THE PROBLEM |
Using the records below, filter for lines that contain the string "auto" and copy them out.

============================================================

text \<open>Comparison with \<open>\<Sum> n\<^bsup>-1-(c-x)/2\<^esup>\<close>.\<close>
lemma majorant_summable:
  assumes c: "c > 0" and xc: "x < c"
  shows "summable (\<lambda>m. majorant x c r (Suc m))"
proof -
  obtain C K where decay:
    "\<And>m. m \<ge> K \<Longrightarrow> majorant x c r (Suc m) \<le> C * real (Suc m) powr (-1 - (c - x) / 2)"
    using majorant_decay[OF c xc] by blast
  have "summable (\<lambda>m. real m powr (-1 - (c - x) / 2))"
    using xc by (simp add: summable_real_powr_iff)
  then have "summable (\<lambda>m. C * real (Suc m) powr (-1 - (c - x) / 2))"
    by (subst summable_Suc_iff) (rule summable_mult)
  moreover have "\<forall>\<^sub>F m in sequentially. norm (majorant x c r (Suc m)) \<le> C * real (Suc m) powr (-1 - (c - x) / 2)"
    unfolding eventually_sequentially
    using decay by (auto simp: abs_of_nonneg[OF majorant_nonneg[OF c]] intro!: exI[of _ K])
  ultimately show ?thesis by (rule summable_comparison_test_ev[rotated])
qed

text \<open>By the Weierstrass M-test, each series converges uniformly on \<open>{c<..}\<close>.\<close>
lemma series_uniformly_convergent:
  assumes c: "c > 0" and xc: "x < c"
  shows "uniformly_convergent_on {c<..} (\<lambda>N a. \<Sum>i<N. series_term x r (Suc i) a)"
proof -
  have summable: "summable (\<lambda>m. majorant x c r (Suc m) * bell_Y r (harm_arg_bound c))"
    by (intro summable_mult2 majorant_summable c xc)
  have "uniform_limit {c<..} (\<lambda>N a. \<Sum>i<N. series_term x r (Suc i) a)
               (\<lambda>a. \<Sum>i. series_term x r (Suc i) a) sequentially"
  proof (rule Weierstrass_m_test_ev[OF _ summable])
    show "\<forall>\<^sub>F n in sequentially. \<forall>a\<in>{c<..}.
            norm (series_term x r (Suc n) a) \<le> majorant x c r (Suc n) * bell_Y r (harm_arg_bound c)"
      using series_term_bound[OF c] by (intro always_eventually) auto
  qed
  then show ?thesis unfolding uniformly_convergent_on_def by blast
qed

============================================================

SOLUTION TO THIS TASK |
    using decay by (auto simp: abs_of_nonneg[OF majorant_nonneg[OF c]] intro!: exI[of _ K])
      using series_term_bound[OF c] by (intro always_eventually) auto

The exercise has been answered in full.